[[ STORED DATA, beginning ]]
(* Let $\sigma$ be a super filling of $\mathrm{dg}(\lambda)$ (order $<_2$) that is not $\Phi$-trivial, with distinguished label $a$ and with distinguished cell in row $r$. Suppose either (1) $\sigma$ is $\Phi$-nondegenerate and $u$ is the distinguished cell, or (2) $\sigma$ is $\Phi$-degenerate and $u$ is any cell of the degenerate segment with $|\sigma(u)|=a$. Then every non-degenerate triple containing $u$ is a quinv triple in $\Phi_u(\sigma)$ if and only if it is a quinv triple in $\sigma$.
   Context: Let $\lambda=(\lambda_1\ge\dots\ge\lambda_k>0)$ be a partition; $\mathrm{dg}(\lambda)=\{(r,i):1\le i\le k,1\le r\le\lambda_i\}$, $(r,i)$ being row $r$ from the bottom and column $i$ from the left (columns bottom-justified of heights $\lambda_i$). $\mathcal A=\{1,\bar1,2,\bar2,\dots\}$ consists of positive letters $i$ and negative letters $\bar i$, $|i|=|\bar i|=i$, totally ordered by $<_2$: $0<1<2<3<\cdots<\bar3<\bar2<\bar1$. $I(a,b)=1$ if $a>b$ or $a=b$ is negative, and $I(a,b)=0$ if $a<b$ or $a=b$ is positive. A super filling is $\sigma:\mathrm{dg}(\lambda)\to\mathcal A$. A triple is either three cells $(r+1,i),(r,i),(r,j)$ with $i<j$ (non-degenerate), or (degenerate) two cells $(r,i),(r,j)$ with $i<j$ and $\lambda_i=r$; with $a'=\sigma((r+1,i))$ ($a'=0$ if degenerate), $b=\sigma((r,i))$, $c=\sigma((r,j))$, it is a quinv triple iff exactly one of $I(a',b)=1$, $I(c,b)=0$, $I(a',c)=0$ holds. The reading order goes through rows top to bottom, each row right to left. $\Phi_u(\sigma)$ changes the sign of the entry in cell $u$. The distinguished label of $\sigma$ is the smallest positive integer $a$ such that some cell $(r,j)$ has $|\sigma((r,j))|=a$ and $r>a$; if none exists $\sigma$ is $\Phi$-trivial. Otherwise the distinguished cell is the first cell in reading order whose entry has absolute value $a$; $\sigma$ is $\Phi$-degenerate if the distinguished cell belongs to some degenerate triple and $\Phi$-nondegenerate otherwise. If $r$ is the row of the distinguished cell, the degenerate segment is the set of cells of row $r$ that belong to degenerate triples. *)

theory Defs
  imports Main
begin

text \<open>Letters: Zero is the auxiliary letter 0 (used only for degenerate triples),
  Pos i is the positive letter i, Neg i is the negative letter bar i.\<close>
datatype letter = Zero | Pos nat | Neg nat

fun absl :: "letter \<Rightarrow> nat" where
  "absl Zero = 0" | "absl (Pos i) = i" | "absl (Neg i) = i"

fun is_neg :: "letter \<Rightarrow> bool" where
  "is_neg (Neg i) = True" | "is_neg _ = False"

fun lt2 :: "letter \<Rightarrow> letter \<Rightarrow> bool" where
  "lt2 Zero Zero = False"
| "lt2 Zero _ = True"
| "lt2 _ Zero = False"
| "lt2 (Pos i) (Pos j) = (i < j)"
| "lt2 (Pos i) (Neg j) = True"
| "lt2 (Neg i) (Pos j) = False"
| "lt2 (Neg i) (Neg j) = (j < i)"

definition Iv :: "letter \<Rightarrow> letter \<Rightarrow> bool" where
  "Iv a b \<longleftrightarrow> lt2 b a \<or> (a = b \<and> is_neg a)"

definition quinv3 :: "letter \<Rightarrow> letter \<Rightarrow> letter \<Rightarrow> bool" where
  "quinv3 a' b c \<longleftrightarrow>
     (let P = Iv a' b; Q = \<not> Iv c b; R = \<not> Iv a' c in
       (P \<and> \<not> Q \<and> \<not> R) \<or> (\<not> P \<and> Q \<and> \<not> R) \<or> (\<not> P \<and> \<not> Q \<and> R))"

text \<open>Partitions as lists lambda_1 >= ... >= lambda_k > 0; column i (1-based) has height lam!(i-1).\<close>
definition is_partition :: "nat list \<Rightarrow> bool" where
  "is_partition lam \<longleftrightarrow> sorted_wrt (\<ge>) lam \<and> (\<forall>x\<in>set lam. 0 < x)"

text \<open>Cells are (r,i): row r from the bottom, column i from the left, both 1-based.\<close>
definition dg :: "nat list \<Rightarrow> (nat \<times> nat) set" where
  "dg lam = {(r, i). 1 \<le> i \<and> i \<le> length lam \<and> 1 \<le> r \<and> r \<le> lam ! (i - 1)}"

type_synonym filling = "nat \<times> nat \<Rightarrow> letter"

definition super_filling :: "nat list \<Rightarrow> filling \<Rightarrow> bool" where
  "super_filling lam \<sigma> \<longleftrightarrow> (\<forall>c\<in>dg lam. \<sigma> c \<noteq> Zero \<and> absl (\<sigma> c) \<ge> 1)"

definition ntriple :: "nat list \<Rightarrow> nat \<times> nat \<times> nat \<Rightarrow> bool" where
  "ntriple lam t = (case t of (r, i, j) \<Rightarrow>
      i < j \<and> (r + 1, i) \<in> dg lam \<and> (r, i) \<in> dg lam \<and> (r, j) \<in> dg lam)"

definition ntriple_cells :: "nat \<times> nat \<times> nat \<Rightarrow> (nat \<times> nat) set" where
  "ntriple_cells t = (case t of (r, i, j) \<Rightarrow> {(r + 1, i), (r, i), (r, j)})"

definition dtriple :: "nat list \<Rightarrow> nat \<times> nat \<times> nat \<Rightarrow> bool" where
  "dtriple lam t = (case t of (r, i, j) \<Rightarrow>
      i < j \<and> (r, i) \<in> dg lam \<and> (r, j) \<in> dg lam \<and> lam ! (i - 1) = r)"

definition dtriple_cells :: "nat \<times> nat \<times> nat \<Rightarrow> (nat \<times> nat) set" where
  "dtriple_cells t = (case t of (r, i, j) \<Rightarrow> {(r, i), (r, j)})"

definition quinv_ntriple :: "filling \<Rightarrow> nat \<times> nat \<times> nat \<Rightarrow> bool" where
  "quinv_ntriple \<sigma> t = (case t of (r, i, j) \<Rightarrow>
      quinv3 (\<sigma> (r + 1, i)) (\<sigma> (r, i)) (\<sigma> (r, j)))"

fun negl :: "letter \<Rightarrow> letter" where
  "negl Zero = Zero" | "negl (Pos i) = Neg i" | "negl (Neg i) = Pos i"

definition Phi :: "nat \<times> nat \<Rightarrow> filling \<Rightarrow> filling" where
  "Phi u \<sigma> = \<sigma>(u := negl (\<sigma> u))"

text \<open>Reading order: rows top to bottom, each row right to left.
  read_before c d: c comes strictly before d.\<close>
definition read_before :: "nat \<times> nat \<Rightarrow> nat \<times> nat \<Rightarrow> bool" where
  "read_before c d \<longleftrightarrow> fst c > fst d \<or> (fst c = fst d \<and> snd c > snd d)"

definition phi_trivial :: "nat list \<Rightarrow> filling \<Rightarrow> bool" where
  "phi_trivial lam \<sigma> \<longleftrightarrow>
     \<not> (\<exists>a>0. \<exists>(r, j)\<in>dg lam. absl (\<sigma> (r, j)) = a \<and> r > a)"

definition dist_label :: "nat list \<Rightarrow> filling \<Rightarrow> nat" where
  "dist_label lam \<sigma> =
     (LEAST a. a > 0 \<and> (\<exists>(r, j)\<in>dg lam. absl (\<sigma> (r, j)) = a \<and> r > a))"

definition dist_cell :: "nat list \<Rightarrow> filling \<Rightarrow> nat \<times> nat" where
  "dist_cell lam \<sigma> = (THE d. d \<in> dg lam \<and> absl (\<sigma> d) = dist_label lam \<sigma> \<and>
      (\<forall>c\<in>dg lam. absl (\<sigma> c) = dist_label lam \<sigma> \<longrightarrow> c = d \<or> read_before d c))"

definition phi_degenerate :: "nat list \<Rightarrow> filling \<Rightarrow> bool" where
  "phi_degenerate lam \<sigma> \<longleftrightarrow>
     (\<exists>t. dtriple lam t \<and> dist_cell lam \<sigma> \<in> dtriple_cells t)"

definition degenerate_segment :: "nat list \<Rightarrow> filling \<Rightarrow> (nat \<times> nat) set" where
  "degenerate_segment lam \<sigma> =
     {c. fst c = fst (dist_cell lam \<sigma>) \<and> (\<exists>t. dtriple lam t \<and> c \<in> dtriple_cells t)}"

end

theory Submission
  imports Defs "HOL-Library.Product_Lexorder"
begin

text \<open>Let \<open>a\<close> be the distinguished label and \<open>d\<close> the distinguished cell. By minimality
  of \<open>a\<close>, every entry in a row \<open>\<ge> a\<close> has absolute value \<open>\<ge> a\<close>; by the choice of \<open>d\<close>,
  those read before \<open>d\<close> even exceed \<open>a\<close>. The cell \<open>u\<close> lies in the row of \<open>d\<close>, and if it is
  the lower-left cell of a non-degenerate triple then its column is higher than the row,
  so (columns weakly decrease) it belongs to no degenerate triple and hence \<open>u = d\<close>.
  So in every non-degenerate triple through \<open>u\<close>, \<open>|\<sigma>(u)|\<close> is minimal, strictly so
  against the cells read before \<open>u\<close>, and under these conditions the sign of \<open>\<sigma>(u)\<close>
  does not affect the quinv condition.\<close>

lemma quinv3_negl_first:
  "0 < absl x \<Longrightarrow> absl x \<le> absl b \<Longrightarrow> absl x \<le> absl c \<Longrightarrow>
    quinv3 (negl x) b c = quinv3 x b c"
  by (cases x; cases b; cases c) (auto simp: quinv3_def Iv_def)

lemma quinv3_negl_second:
  "0 < absl x \<Longrightarrow> absl x < absl a' \<Longrightarrow> absl x < absl c \<Longrightarrow>
    quinv3 a' (negl x) c = quinv3 a' x c"
  by (cases x; cases a'; cases c) (auto simp: quinv3_def Iv_def)

lemma quinv3_negl_third:
  "0 < absl x \<Longrightarrow> absl x < absl a' \<Longrightarrow> absl x \<le> absl b \<Longrightarrow>
    quinv3 a' b (negl x) = quinv3 a' b x"
  by (cases x; cases a'; cases b) (auto simp: quinv3_def Iv_def)

lemma read_before_iff_less: "read_before c d \<longleftrightarrow> d < c"
  by (cases c; cases d) (auto simp: read_before_def)


lemma quinv_ntriple_Phi:
  assumes "i < j" "u \<in> ntriple_cells (r, i, j)" "0 < absl (\<sigma> u)"
    and "\<forall>c\<in>ntriple_cells (r, i, j). absl (\<sigma> u) \<le> absl (\<sigma> c)"
    and "\<forall>c\<in>ntriple_cells (r, i, j). read_before c u \<longrightarrow> absl (\<sigma> u) < absl (\<sigma> c)"
  shows "quinv_ntriple (Phi u \<sigma>) (r, i, j) = quinv_ntriple \<sigma> (r, i, j)"
proof -
  note cells = assms(2)[unfolded ntriple_cells_def]
    and bounds = assms(4,5)[unfolded ntriple_cells_def]
  have distinct: "(r + 1, i) \<noteq> (r, i)" "(r, i) \<noteq> (r, j)" "(r + 1, i) \<noteq> (r, j)"
    using assms(1) by auto
  from cells consider "u = (r + 1, i)" | "u = (r, i)" | "u = (r, j)"
    by blast
  then show ?thesis
  proof cases
    case 1
    then show ?thesis
      using bounds distinct assms(3) by (simp add: quinv_ntriple_def Phi_def quinv3_negl_first)
  next
    case 2
    then show ?thesis
      using bounds distinct assms(1,3)
      by (simp add: quinv_ntriple_def Phi_def quinv3_negl_second read_before_def)
  next
    case 3
    then show ?thesis
      using bounds distinct assms(1,3)
      by (simp add: quinv_ntriple_def Phi_def quinv3_negl_third read_before_def)
  qed
qed

lemma finite_dg: "finite (dg lam)"
proof (rule finite_subset)
  show "dg lam \<subseteq> {..sum_list lam} \<times> {..length lam}"
    by (auto simp: dg_def intro!: order_trans[OF _ member_le_sum_list])
qed simp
[[ STORED DATA, end ]]
• _EXERCISE AIM_: Determine which lines above include the word "simp", and report those lines in full.

• _RESPONSE TO THIS EXERCISE_:
  by (cases x; cases b; cases c) (auto simp: quinv3_def Iv_def)
  by (cases x; cases a'; cases c) (auto simp: quinv3_def Iv_def)
  by (cases x; cases a'; cases b) (auto simp: quinv3_def Iv_def)
  by (cases c; cases d) (auto simp: read_before_def)
      using bounds distinct assms(3) by (simp add: quinv_ntriple_def Phi_def quinv3_negl_first)
      by (simp add: quinv_ntriple_def Phi_def quinv3_negl_second read_before_def)
      by (simp add: quinv_ntriple_def Phi_def quinv3_negl_third read_before_def)
    by (auto simp: dg_def intro!: order_trans[OF _ member_le_sum_list])
qed simp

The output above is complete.